lemma abs_divide_le_one: "0 \<le> (a::real) \<Longrightarrow> a \<le> b \<Longrightarrow> \<bar>a / b\<bar> \<le> 1"
  by (cases "b = 0") (auto simp: divide_le_eq_1)

lemma bdd_above_norm_compact_support:
  fixes h :: "'b::topological_space \<Rightarrow> 'c::real_normed_vector"
  assumes "compact S" "continuous_on S h" "\<forall>x. x \<notin> S \<longrightarrow> h x = 0"
  shows "bdd_above (range (\<lambda>x. norm (h x)))"
proof -
  obtain B where "\<forall>y\<in>h ` S. norm y \<le> B"
    using assms compact_continuous_image compact_imp_bounded bounded_iff by metis
  then have "norm (h x) \<le> max B 0" for x
    using assms(3) by (cases "x \<in> S") force+
  then show ?thesis by (auto intro!: bdd_aboveI)
qed

lemma supnorm_upper: "bdd_above (range (\<lambda>x. norm (h x))) \<Longrightarrow> norm (h x) \<le> supnorm h"
  unfolding supnorm_def by (rule cSUP_upper) auto

lemma supnorm_nonneg: "bdd_above (range (\<lambda>x. norm (h x))) \<Longrightarrow> 0 \<le> supnorm h"
  by (rule order_trans[OF norm_ge_zero supnorm_upper])

lemma supnorm_least: "(\<And>x. norm (h x) \<le> B) \<Longrightarrow> supnorm h \<le> B"
  unfolding supnorm_def by (rule cSUP_least) auto

lemma adj_zero: "adj 0 = (0::'a::cstar_algebra)"
  using adj_add[of "0::'a" 0] by simp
══════
EXERCISE DESCRIPTION
Find the line that contains "obtain B where" in the listing above. Retype it and every line after it up to the last, exactly, and nothing else.

OUTPUT BELOW
  obtain B where "\<forall>y\<in>h ` S. norm y \<le> B"
    using assms compact_continuous_image compact_imp_bounded bounded_iff by metis
  then have "norm (h x) \<le> max B 0" for x
    using assms(3) by (cases "x \<in> S") force+
  then show ?thesis by (auto intro!: bdd_aboveI)
qed

lemma supnorm_upper: "bdd_above (range (\<lambda>x. norm (h x))) \<Longrightarrow> norm (h x) \<le> supnorm h"
  unfolding supnorm_def by (rule cSUP_upper) auto

lemma supnorm_nonneg: "bdd_above (range (\<lambda>x. norm (h x))) \<Longrightarrow> 0 \<le> supnorm h"
  by (rule order_trans[OF norm_ge_zero supnorm_upper])

lemma supnorm_least: "(\<And>x. norm (h x) \<le> B) \<Longrightarrow> supnorm h \<le> B"
  unfolding supnorm_def by (rule cSUP_least) auto

lemma adj_zero: "adj 0 = (0::'a::cstar_algebra)"
  using adj_add[of "0::'a" 0] by simp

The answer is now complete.